# Problem croc at school today



## waruikazi (Feb 22, 2011)

We had a large salty move into an area where it was a little too close for comfort, just over the backfence of our school and right next to houses. It took a dog last night and was showing that it wasn't 'man shy' which they usually are at the size of this one (apparently over 4m).

The police and ringers came out to shoot it. The pic isn't great but if you look closely, the men standing on the police car had rifles. I'll see if i can get some better shots later today. Pic was taken from the staff room balcony.

Not sure if it has been shot yet, some people are saying it was and some are saying it wasn't. Will be sure to get some pics of the animal when they drag it out.


----------



## dale1988 (Feb 22, 2011)

keep us posted very interesting


----------



## Waterrat (Feb 22, 2011)

Is that where you go swimming after work Gordo?


----------



## mungus (Feb 22, 2011)

Waterrat said:


> Is that where you go swimming after work Gordo?


 
Might be.............lol


----------



## dale1988 (Feb 22, 2011)

so are they not gonna bother trying to capture and relocate it?


----------



## guzzo (Feb 22, 2011)

One problem croc they shot when I was in kakadu was given to the traditional owners for food so I suppose this will be the case here too.


----------



## Reffy (Feb 22, 2011)

dont you just love Darwin


----------



## Darlyn (Feb 22, 2011)

They are certainly on the move up here at the moment.
Can't see the point in shooting it though.
The amount of water around it will probably just be replaced by another.

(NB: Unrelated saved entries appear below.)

lemma sum_psi_controls_eq_card_ranks:
  assumes Z: "Z \<subseteq> {..<n}" and i: "i \<in> Z"
  shows "(\<Sum>j\<in>{..<n} - Z. psi i j (y i) (y j))
       = card {s\<in>{1..n} - rank n y ` Z. s \<le> rank n y i}"
proof -
  have bij: "bij_betw (rank n y) {..<n} {1..n}" by (rule bij_betw_rank)
  have "(\<Sum>j\<in>{..<n} - Z. psi i j (y i) (y j)) = card {j\<in>{..<n} - Z. tie_le y j i}"
    by (simp add: sum_psi_eq_card)
  also have "{j\<in>{..<n} - Z. tie_le y j i} = {j\<in>{..<n} - Z. rank n y j \<le> rank n y i}"
    using Z i rank_le_iff by blast
  also have "card \<dots> = card {s\<in>rank n y ` ({..<n} - Z). s \<le> rank n y i}"
    using bij by (simp add: card_filter_image bij_betw_def inj_on_diff)
  also have "rank n y ` ({..<n} - Z) = {1..n} - rank n y ` Z"
    using bij Z unfolding bij_betw_def by (metis Diff_subset inj_on_image_set_diff)
  finally show ?thesis .
qed

lemma t_R_eq_rank_set_stat:
  assumes Z: "Z \<subseteq> {..<n}"
  shows "t_R k phi n Z y = rank_set_stat k phi n (rank n y ` Z)"
proof -
  have Z_inter: "Z \<inter> {..<n} = Z" using Z by auto
  have inj: "inj_on (rank n y) Z"
    using bij_betw_rank Z by (auto simp: bij_betw_def intro: inj_on_subset)
  show ?thesis
    by (cases k) (simp_all add: t_R_def rank_set_stat_def Z_inter sum.reindex[OF inj]
        sum_psi_controls_eq_card_ranks[OF Z])
qed

lemma finite_cre: "finite (cre n n1)"
  unfolding cre_def by (rule finite_subset[of _ "Pow {..<n}"]) auto

lemma cre_nonempty: "n1 \<le> n \<Longrightarrow> cre n n1 \<noteq> {}"
  unfolding cre_def by (auto intro!: exI[of _ "{..<n1}"])

lemma set_pmf_cre: "n1 \<le> n \<Longrightarrow> set_pmf (pmf_of_set (cre n n1)) = cre n n1"
  by (simp add: cre_nonempty finite_cre)

lemma bij_betw_image_cre:
  assumes bij: "bij_betw s {..<n} B"
  shows "bij_betw (image s) (cre n n1) {R. R \<subseteq> B \<and> card R = n1}"
proof -
  have inj: "inj_on s {..<n}" using bij by (rule bij_betw_imp_inj_on)
  have card_image_s: "card (s ` Z) = card Z" if "Z \<subseteq> {..<n}" for Z
    using card_image[OF inj_on_subset[OF inj that]] .
  have "image s ` cre n n1 = {R. R \<subseteq> B \<and> card R = n1}"
  proof (intro equalityI subsetI)
    fix R assume "R \<in> image s ` cre n n1"
    then show "R \<in> {R. R \<subseteq> B \<and> card R = n1}"
      using bij card_image_s unfolding cre_def bij_betw_def by auto
  next
    fix R assume R: "R \<in> {R. R \<subseteq> B \<and> card R = n1}"
    then have "R \<subseteq> s ` {..<n}" using bij unfolding bij_betw_def by simp
    then obtain Z where "Z \<subseteq> {..<n}" "R = s ` Z" by (auto simp: subset_image_iff)
    then show "R \<in> image s ` cre n n1" using R card_image_s unfolding cre_def by auto
  qed
  moreover have "inj_on (image s) (cre n n1)"
    using inj_on_image_Pow[OF inj] by (rule inj_on_subset) (auto simp: cre_def)
  ultimately show ?thesis unfolding bij_betw_def by simp
qed

lemma treated_ranks_uniform:
  assumes "n1 \<le> n"
  shows "map_pmf (image (rank n y)) (pmf_of_set (cre n n1))
       = pmf_of_set {R. R \<subseteq> {1..n} \<and> card R = n1}"
  using bij_betw_image_cre[OF bij_betw_rank] cre_nonempty[OF assms] finite_cre
  by (rule map_pmf_of_set_bij_betw)

lemma cre_prob_t_R:
  assumes "n1 \<le> n"
  shows "cre_prob n n1 (\<lambda>Z. P (t_R k phi n Z y))
       = measure_pmf.prob (pmf_of_set {R. R \<subseteq> {1..n} \<and> card R = n1})
           {R. P (rank_set_stat k phi n R)}"
proof -
  let ?p = "pmf_of_set (cre n n1)"
  have "{Z. P (t_R k phi n Z y)} \<inter> set_pmf ?p
      = image (rank n y) -` {R. P (rank_set_stat k phi n R)} \<inter> set_pmf ?p"
    unfolding set_pmf_cre[OF assms] by (auto simp: cre_def t_R_eq_rank_set_stat)
  then have "cre_prob n n1 (\<lambda>Z. P (t_R k phi n Z y))
      = measure_pmf.prob ?p (image (rank n y) -` {R. P (rank_set_stat k phi n R)})"
    unfolding cre_prob_def by (metis measure_Int_set_pmf)
  also have "\<dots> = measure_pmf.prob (map_pmf (image (rank n y)) ?p) {R. P (rank_set_stat k phi n R)}"
    by simp
  finally show ?thesis by (simp only: treated_ranks_uniform[OF assms])
qed

lemma G_R_eq_cre_prob:
  "n1 \<le> n \<Longrightarrow> G_R k phi n n1 y0 c = cre_prob n n1 (\<lambda>Z. c \<le> t_R k phi n Z y)"
  by (simp add: G_R_def cre_prob_t_R)

lemma card_treated_ranks_above_mono:
  fixes y y' :: "nat \<Rightarrow> ereal"
  assumes Z: "Z \<subseteq> {..<n}"
    and lower: "\<And>i. i < n \<Longrightarrow> y' i \<le> y i"
    and controls: "\<And>j. j < n \<Longrightarrow> j \<notin> Z \<Longrightarrow> y' j = y j"
  shows "card {i\<in>Z. m < rank n y' i} \<le> card {i\<in>Z. m < rank n y i}"
proof -
  have total: "card {i\<in>Z. m < rank n v i} + card {j\<in>{..<n} - Z. m < rank n v j}
      = card {r\<in>{1..n}. m < r}" for v :: "nat \<Rightarrow> ereal"
  proof -
    have "{i\<in>{..<n}. m < rank n v i} = {i\<in>Z. m < rank n v i} \<union> {j\<in>{..<n} - Z. m < rank n v j}"
      using Z by auto
    then have "card {i\<in>Z. m < rank n v i} + card {j\<in>{..<n} - Z. m < rank n v j}
        = card {i\<in>{..<n}. m < rank n v i}"
      using Z by (simp add: card_Un_disjoint[symmetric] finite_subset disjoint_iff)
    also have "\<dots> = card {r\<in>rank n v ` {..<n}. m < r}"
      using card_filter_image[OF bij_betw_imp_inj_on[OF bij_betw_rank], where P = "\<lambda>r. m < r"] by simp
    also have "rank n v ` {..<n} = {1..n}"
      using bij_betw_rank by (rule bij_betw_imp_surj_on)
    finally show ?thesis .
  qed
  have "rank n y j \<le> rank n y' j" if "j < n" "j \<notin> Z" for j
  proof -
    have "tie_le y' l j" if "l < n" "tie_le y l j" for l
      using tie_le_lower_left[OF \<open>tie_le y l j\<close> lower controls] \<open>l < n\<close> \<open>j < n\<close> \<open>j \<notin> Z\<close> .
    then show ?thesis unfolding rank_eq_card by (intro card_mono) auto
  qed
  then have "card {j\<in>{..<n} - Z. m < rank n y j} \<le> card {j\<in>{..<n} - Z. m < rank n y' j}"
    by (intro card_mono) (auto intro: less_le_trans)
  then show ?thesis using total[of y] total[of y'] by linarith
qed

Meanwhile at another billabong
Huge croc caught at NT swimming hole - ABC News (Australian Broadcasting Corporation)


----------



## guzzo (Feb 22, 2011)

Darlyn said:


> They are certainly on the move up here at the moment.
> Can't see the point in shooting it though.
> The amount of water around it will probably just be replaced by another.
> 
> ...


 
Replaced with another! your right there.....prob replaced with another 5 where Gordo is


----------



## waruikazi (Feb 22, 2011)

dale1988 said:


> keep us posted very interesting



Just heard it has been killed. Was shot several times and went under. No one is game to retrieve the body yet... i think they are waiting on getting boat out so the can tie it up and drag it ashore.



Waterrat said:


> Is that where you go swimming after work Gordo?



Haha! I'm terrified of water up here, i wont even walk in the grass next to the rivers and billabongs without a rifle!



dale1988 said:


> so are they not gonna bother trying to capture and relocate it?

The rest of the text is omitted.